И если не ложь — это правда,
то убийство — дар отче,
богохульство — его совесть,
пьянство — его слабость,
небытие — его мечтанья,
а похоть — его спасенье.
Всё живое — проекция общего,
одного большого ребенка,
что не хочет питаться кашей,
а еще придаваться сновидениям,
но его все равно уложат.
Un reve (сон)
Внеземной луч красоты
разрубил холода мечом.
Снова бежит вода,
на береге ты одна.
Страшно вспугнуть твою тень,
прекрасный минерал природы,
но как удержать себя,
ну как не украсть тебя!
В кармане ты, там темнота,
но дышат теплом мои ноги.
Скоро ты увидишь свет,
сжигающий самые страшные тени.
Демоны. Кругом зверье.
Кто эти люди все?
Их здесь миллионы,
но все они вразнобой.
Выпады — один за другим,
кожа рвётся на лоскуты,
и вот окровавленный след
замыкает пространство извне.
Кровь моя — строчка жизни,
свойство минерала
распространяет свет.
Нестерпимый жар — сжигает
вокруг тела, закрывая солнца-лучи.
Ничто не исключение…
Веря в ложь эту,
зная её с видом на происходящее,
верю в спасение, но не без греха.
Из сна в сон скачет разум,
не помня начала, не помня конца.
Не разбирая, где скрыта правда лжи
своего начала своего конца.
Под напором стен
Наши тела в лучах утопают сквозь, и через время, через года:
плечи помнят ласку рук.
Человек в полосатой пижаме смотрит вслед. Желает разум его,
тело жаждет унестись вслед, но не может.
Под напором стен, голых и таких вечных, отпечатан человек,
чьи ноги остановили путь устремлений.
В прохладном помещении всё чувствуется запах после дождя.
Он даёт надежду, даёт ему свежий глоток, но слёзы –
всё безутешны. Плачет разум его, сердце, а значит, и глаза.
Их баллада пути — не пройденных, рискованных отрезков,
заставляют вспомнить былое.
Когда и они, с чужой спиной бок о бок, наедине — утопали
в лучах сквозь время, сквозь года, и это время казалось вечным
и нам.
В свете темноты
Из открытого окна, что горит одиноким светлячком
в бетонной тюрьме — слышен крик голосов-идей;
не имеющих общего с покровом умерших страстей.
В переулке она, не стесняясь, стоит на коленях,
Облизывая кошелёк. Совсем скоро в лицо ей брызнет
Горсть монет. На ней красивое красное платье.
В нём она ещё успеет на свидание с юношей в шляпе.
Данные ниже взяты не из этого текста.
text \<open>Effective resistance between u and v: the potential difference x u - x v
for a potential x on V with unit current injected at u and extracted at v,
i.e. L x = e_u - e_v (well defined for connected graphs).\<close>

definition eff_res :: "nat set \<Rightarrow> (nat \<Rightarrow> nat \<Rightarrow> bool) \<Rightarrow> nat \<Rightarrow> nat \<Rightarrow> real" where
  "eff_res V E u v =
     (let x = (SOME x. \<forall>w\<in>V. laplacian V E x w =
                 (if w = u then 1 else 0) - (if w = v then 1 else 0))
      in x u - x v)"

definition kirchhoff :: "nat set \<Rightarrow> (nat \<Rightarrow> nat \<Rightarrow> bool) \<Rightarrow> real" where
  "kirchhoff V E = (\<Sum>(u,v)\<in>{(u,v). u \<in> V \<and> v \<in> V \<and> u < v}. eff_res V E u v)"

definition G_adj :: "nat \<Rightarrow> nat \<Rightarrow> nat \<Rightarrow> bool" where
  "G_adj N i j = (i \<noteq> j \<and> (int j - int i) mod int N \<noteq> 1
                      \<and> (int j - int i) mod int N \<noteq> int N - 1)"

definition Kf_G :: "nat \<Rightarrow> real" where
  "Kf_G N = kirchhoff {0..<N} (G_adj N)"

end

theory Submission
  imports Defs "HOL-Number_Theory.Cong" "Jordan_Normal_Form.Determinant" "HOL-Real_Asymp.Real_Asymp"
begin

(* G_{N,1} is the complement of the cycle C_N, so its Laplacian is (N - 2) I + S + S^-1 - J,
   with S the cyclic shift and J the all-ones matrix; on mean-zero potentials it acts as
   M = (N - 2) I + S + S^-1.  For N >= 5 the matrix M is strictly diagonally dominant, hence
   invertible, and the maximum principle bounds every solution of M y = e_u - e_v by 1/(N - 4).
   Reading off rows u and v gives (N - 2) R(u,v) = 2 + O(1/N), and summing over the
   N(N - 1)/2 pairs gives Kf(G_{N,1}) ~ N.  Finally N^2/Delta ~ N because Delta ~ N. *)

lemma int_mod_diff_eq_iff:
  fixes j k w N :: nat
  assumes "j < N" "k < N"
  shows "(int j - int w) mod int N = int k \<longleftrightarrow> j = (w + k) mod N"
proof -
  have "(int j - int w) mod int N = int k \<longleftrightarrow> (int j - int w) mod int N = int k mod int N"
    using assms by simp
  also have "\<dots> \<longleftrightarrow> int j mod int N = int (w + k) mod int N"
    by (simp add: mod_eq_dvd_iff algebra_simps)
  also have "\<dots> \<longleftrightarrow> j = (w + k) mod N"
    using assms by (metis mod_less of_nat_eq_iff zmod_int)
  finally show ?thesis .
qed

lemma G_adj_iff:
  assumes "1 < N" "w < N" "j < N"
  shows "G_adj N w j \<longleftrightarrow> j \<noteq> w \<and> j \<noteq> (w + 1) mod N \<and> j \<noteq> (w + (N - 1)) mod N"
  using assms int_mod_diff_eq_iff[of j N 1 w] int_mod_diff_eq_iff[of j N "N - 1" w]
  unfolding G_adj_def by auto

lemma sum_mod_shift:
  "(\<Sum>w<N. f ((w + k) mod N)) = (\<Sum>w<N. f w)" for N :: nat
proof (cases "N = 0")
  case False
  have inj: "inj_on (\<lambda>w. (w + k) mod N) {..<N}"
  proof (rule inj_onI)
    fix a b assume "a \<in> {..<N}" "b \<in> {..<N}" and "(a + k) mod N = (b + k) mod N"
    from this(3) have "[a + k = b + k] (mod N)"
      unfolding Cong.cong_def .
    then have "[a = b] (mod N)"
      by (simp only: cong_add_rcancel_nat)
    then show "a = b"
      using \<open>a \<in> {..<N}\<close> \<open>b \<in> {..<N}\<close> by (simp add: cong_less_modulus_unique_nat)
  qed
  have "(\<lambda>w. (w + k) mod N) ` {..<N} = {..<N}"
    using inj False by (intro endo_inj_surj) auto
  then show ?thesis using sum.reindex[OF inj, of f] by simp
qed simp

lemma laplacian_G_adj:
  assumes "3 \<le> N" "w < N"
  shows "laplacian {0..<N} (G_adj N) x w
       = (real N - 2) * x w + x ((w + 1) mod N) + x ((w + (N - 1)) mod N) - (\<Sum>j<N. x j)"
proof -
  let ?s = "(w + 1) mod N" and ?p = "(w + (N - 1)) mod N"
  have distinct: "?s \<noteq> w" "?p \<noteq> w" "?s \<noteq> ?p"
    using assms by (auto simp: mod_if)
  have nbrs: "{j \<in> {0..<N}. G_adj N w j} = {0..<N} - {w, ?s, ?p}"
    using assms G_adj_iff[of N w] by auto
  have "laplacian {0..<N} (G_adj N) x w
      = (\<Sum>j\<in>{0..<N}. x w - x j) - (\<Sum>j\<in>{w, ?s, ?p}. x w - x j)"
    unfolding laplacian_def nbrs using assms by (subst sum_diff) auto
  also have "\<dots> = real N * x w - (\<Sum>j<N. x j) - ((x w - x ?s) + (x w - x ?p))"
    using distinct by (simp add: sum_subtractf atLeast0LessThan)
  finally show ?thesis by (simp add: algebra_simps)
qed

lemma diag_dominant_abs_bound:
  fixes y :: "'a \<Rightarrow> real"
  assumes "finite A" "c > 2" "p ` A \<subseteq> A" "s ` A \<subseteq> A"
    and bounded: "\<And>w. w \<in> A \<Longrightarrow> \<bar>c * y w + y (p w) + y (s w)\<bar> \<le> B"
    and "w \<in> A"
  shows "\<bar>y w\<bar> \<le> B / (c - 2)"
proof -
  obtain w0 where w0: "w0 \<in> A" and max: "\<And>v. v \<in> A \<Longrightarrow> \<bar>y v\<bar> \<le> \<bar>y w0\<bar>"
  proof -
    have "Max ((\<lambda>v. \<bar>y v\<bar>) ` A) \<in> (\<lambda>v. \<bar>y v\<bar>) ` A"
      using assms(1,6) by (intro Max_in) auto
    then obtain w0 where "w0 \<in> A" "\<bar>y w0\<bar> = Max ((\<lambda>v. \<bar>y v\<bar>) ` A)"
      by force
    then show ?thesis
      using that assms(1) by (simp add: Max_ge)
  qed
  have "c * \<bar>y w0\<bar> \<le> \<bar>c * y w0 + y (p w0) + y (s w0)\<bar> + \<bar>y (p w0)\<bar> + \<bar>y (s w0)\<bar>"
    using \<open>c > 2\<close> by (simp add: abs_mult)
  also have "\<dots> \<le> B + 2 * \<bar>y w0\<bar>"
    using bounded[OF w0] max[of "p w0"] max[of "s w0"] w0 assms(3,4) by force
  finally have "\<bar>y w0\<bar> \<le> B / (c - 2)"
    using \<open>c > 2\<close> by (simp add: field_simps)
  then show ?thesis using max[OF \<open>w \<in> A\<close>] by linarith
qed

lemma mat_solvable_if_kernel_trivial:
  fixes A :: "'a :: field mat"
  assumes A: "A \<in> carrier_mat n n"
    and kernel: "\<And>v. v \<in> carrier_vec n \<Longrightarrow> A *\<^sub>v v = 0\<^sub>v n \<Longrightarrow> v = 0\<^sub>v n"
    and b: "b \<in> carrier_vec n"
  shows "\<exists>x \<in> carrier_vec n. A *\<^sub>v x = b"
proof
  have det: "det A \<noteq> 0"
    using det_0_iff_vec_prod_zero_field[OF A] kernel by blast
  let ?B = "(1 / det A) \<cdot>\<^sub>m adj_mat A"
  have B: "?B \<in> carrier_mat n n"
    using adj_mat(1)[OF A] by simp
  have "A * ?B = 1\<^sub>m n"
    using mult_smult_distrib[OF A adj_mat(1)[OF A]] adj_mat(2)[OF A] det
    by auto
  then show "A *\<^sub>v (?B *\<^sub>v b) = b"
    using assoc_mult_mat_vec[OF A B b] b by simp
  show "?B *\<^sub>v b \<in> carrier_vec n"
    using B b by simp
qed

lemma diag_dominant_system_solvable:
  fixes b :: "nat \<Rightarrow> real"
  assumes "c > 2" and p: "\<And>w. w < n \<Longrightarrow> p w < n" and s: "\<And>w. w < n \<Longrightarrow> s w < n"
  shows "\<exists>y. \<forall>w<n. c * y w + y (p w) + y (s w) = b w"
proof -
  define M where "M = mat n n (\<lambda>(i, j).
    (if j = i then c else 0) + (if j = p i then 1 else 0) + (if j = s i then 1 else 0))"
  have M: "M \<in> carrier_mat n n"
    unfolding M_def by simp
  have M_apply: "(M *\<^sub>v v) $ i = c * v $ i + v $ p i + v $ s i"
    if "i < n" "v \<in> carrier_vec n" for v i
  proof -
    have "(M *\<^sub>v v) $ i = (\<Sum>j<n. (if j = i then c * v $ j else 0)
        + (if j = p i then v $ j else 0) + (if j = s i then v $ j else 0))"
      using that by (auto simp: M_def scalar_prod_def atLeast0LessThan algebra_simps intro!: sum.cong)
    also have "\<dots> = c * v $ i + v $ p i + v $ s i"
      using that p s by (simp add: sum.distrib)
    finally show ?thesis .
  qed
  have kernel: "v = 0\<^sub>v n" if v: "v \<in> carrier_vec n" "M *\<^sub>v v = 0\<^sub>v n" for v
  proof (rule eq_vecI)
    fix i assume "i < dim_vec (0\<^sub>v n :: real vec)"
    moreover have "c * v $ w + v $ p w + v $ s w = 0" if "w < n" for w
      using M_apply[OF that v(1)] v(2) that by simp
    ultimately have "\<bar>v $ i\<bar> \<le> 0 / (c - 2)"
      using p s \<open>c > 2\<close>
      by (intro diag_dominant_abs_bound[of "{..<n}" c p s "\<lambda>i. v $ i"]) auto
    then show "v $ i = 0\<^sub>v n $ i"
      using \<open>i < dim_vec (0\<^sub>v n)\<close> by simp
  qed (use v in simp)
  then obtain x where "x \<in> carrier_vec n" "M *\<^sub>v x = vec n b"
    using mat_solvable_if_kernel_trivial[OF M kernel, of "vec n b"] by auto
  then show ?thesis
    by (intro exI[of _ "\<lambda>w. x $ w"]) (metis M_apply index_vec)
qed

lemma laplacian_G_adj_solvable:
  assumes "5 \<le> N" and balanced: "(\<Sum>w<N. b w) = 0"
  shows "\<exists>x. \<forall>w\<in>{0..<N}. laplacian {0..<N} (G_adj N) x w = b w"
proof -
  obtain x where x: "\<And>w. w < N \<Longrightarrow>
      (real N - 2) * x w + x ((w + 1) mod N) + x ((w + (N - 1)) mod N) = b w"
    using diag_dominant_system_solvable[of "real N - 2" N "\<lambda>w. (w + 1) mod N"
        "\<lambda>w. (w + (N - 1)) mod N" b] assms by auto
  have "(\<Sum>w<N. (real N - 2) * x w + x ((w + 1) mod N) + x ((w + (N - 1)) mod N))
      = (real N - 2) * (\<Sum>w<N. x w) + (\<Sum>w<N. x ((w + 1) mod N))
        + (\<Sum>w<N. x ((w + (N - 1)) mod N))"
    by (simp only: sum.distrib sum_distrib_left)
  also have "\<dots> = real N * (\<Sum>w<N. x w)"
    by (simp only: sum_mod_shift) (simp add: algebra_simps)
  finally have "real N * (\<Sum>w<N. x w) = 0"
    using x balanced by simp
  then have "(\<Sum>w<N. x w) = 0"
    using assms by simp
  then show ?thesis
    using x laplacian_G_adj[of N _ x] assms by (intro exI[of _ x]) auto
qed

lemma eff_res_potential_difference:
  assumes "\<exists>x. \<forall>w\<in>V. laplacian V E x w = (if w = u then 1 else 0) - (if w = v then 1 else 0)"
  shows "\<exists>x. (\<forall>w\<in>V. laplacian V E x w = (if w = u then 1 else 0) - (if w = v then 1 else 0))
           \<and> eff_res V E u v = x u - x v"
  using someI_ex[OF assms] unfolding eff_res_def Let_def by blast

lemma eff_res_G_adj_bound:
  assumes "5 \<le> N" "u < N" "v < N" "u \<noteq> v"
  shows "\<bar>(real N - 2) * eff_res {0..<N} (G_adj N) u v - 2\<bar> \<le> 4 / (real N - 4)"
proof -
  define e where "e w = (if w = u then 1 else 0) - (if w = v then 1 else (0::real))" for w
  have "(\<Sum>w<N. e w) = 0"
    using assms by (simp add: e_def sum_subtractf)
  then obtain x where sol: "\<forall>w\<in>{0..<N}. laplacian {0..<N} (G_adj N) x w = e w"
      and R: "eff_res {0..<N} (G_adj N) u v = x u - x v"
    using eff_res_potential_difference[of "{0..<N}" "G_adj N" u v]
      laplacian_G_adj_solvable[OF \<open>5 \<le> N\<close>, of e]
    unfolding e_def by blast
  text \<open>Shifting x to mean zero turns the Laplacian into the invertible operator
    (N - 2) I + (cyclic shifts), to which the maximum principle applies.\<close>
  define y where "y w = x w - (\<Sum>j<N. x j) / real N" for w
  let ?s = "\<lambda>w. (w + 1) mod N" and ?p = "\<lambda>w. (w + (N - 1)) mod N"
  have mean: "(real N - 2) * (S / real N) + S / real N + S / real N = S" for S
    using assms(1) by (simp add: field_simps)
  have y_eq: "(real N - 2) * y w + y (?s w) + y (?p w) = e w" if "w < N" for w
  proof -
    have "laplacian {0..<N} (G_adj N) x w = e w"
      using sol that by simp
    then show ?thesis
      using laplacian_G_adj[of N w x] that assms(1) mean[of "\<Sum>j<N. x j"]
      unfolding y_def right_diff_distrib by linarith
  qed
  have y_small: "\<bar>y w\<bar> \<le> 1 / (real N - 4)" if "w < N" for w
  proof -
    have "\<bar>y w\<bar> \<le> 1 / (real N - 2 - 2)"
      using y_eq assms that
      by (intro diag_dominant_abs_bound[of "{..<N}" _ ?s ?p]) (auto simp: e_def)
    then show ?thesis by simp
  qed
  have "(real N - 2) * eff_res {0..<N} (G_adj N) u v - 2
      = y (?s v) + y (?p v) - y (?s u) - y (?p u)"
    using y_eq[of u] y_eq[of v] assms unfolding R by (simp add: y_def e_def algebra_simps)
  moreover have "4 / (real N - 4) = 4 * (1 / (real N - 4))"
    by simp
  ultimately show ?thesis
    using y_small[of "?s u"] y_small[of "?p u"] y_small[of "?s v"] y_small[of "?p v"] assms
    by (simp add: abs_le_iff)
qed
А дальше, возле мусорных свалок — гремит стекло
разлетевшейся бутылки. Пространство в дыму — он
потомственный житель земель, и он вправе здесь шуметь,
умирая от собственных убеждений.
Ночь горит над всеми, скрывая лица, приравнивая каждую
личность в тень своего отражения, граничащие с ней.
Вокруг
Сотканная паутина домов, лабиринт высоты разных стен.
Здесь, на земле могил, толпы ходячих людей.
Дверей, что лазов муравьиных. Незатопляемые законом –
купленные лазы. А через шаг уже купола, и они же
на футболке из стразов.
Что не жидкость — праздник духа, что не слово, то снова
блядь. Очередная гадалка от бога — погадает судьбу
за пятак.
Сумасшедший парад неисправленного калейдоскопа
вызывает только спазмы. Каждый шаг по этой земле делается
строго с опаской.
Отражение себя
В ванной комнате слышен всплеск воды.
Она, в приоткрытой двери, обнажена:
ждёт, что ты зайдёшь, нарушив
своё главное правило.
Придёшь под капельный звон и
своим глубоким взглядом подавишь её тягу
к истерии.
Что руки сомкнутся замком на талии, и ты её
возьмешь. Она ждёт, когда ею овладеют.
Но ты, всё за приоткрытой дверью, стоишь,
мечтая войти — только смотришь.
И как только вода стихнет — выйдет она,
одетая и заплаканная.
Хлопнет дверью, растворится во тьме, где
за углом возьмёт в рот у первого встречного, а ты –
просто посидишь у окна, поглядишь в пустоту,
не замечая ужаса молчаливого света.
Срыв тормозов
Автобус с круглым окном свободы
начинает диктовать своей тенью-ветру –
разрезать вдоль пространство без следа
конкретного времени.
Вибрация асфальта на последнем сиденье.
Бледный мальчик кустарной посадки.
Словно под тенью взросший, не спавший,
сидит на иголках весь из себя, вот-вот, да
сорвёт тормоза.
Его тень изломана уродством внутренних
стен. Голова обрывается в пространстве окон.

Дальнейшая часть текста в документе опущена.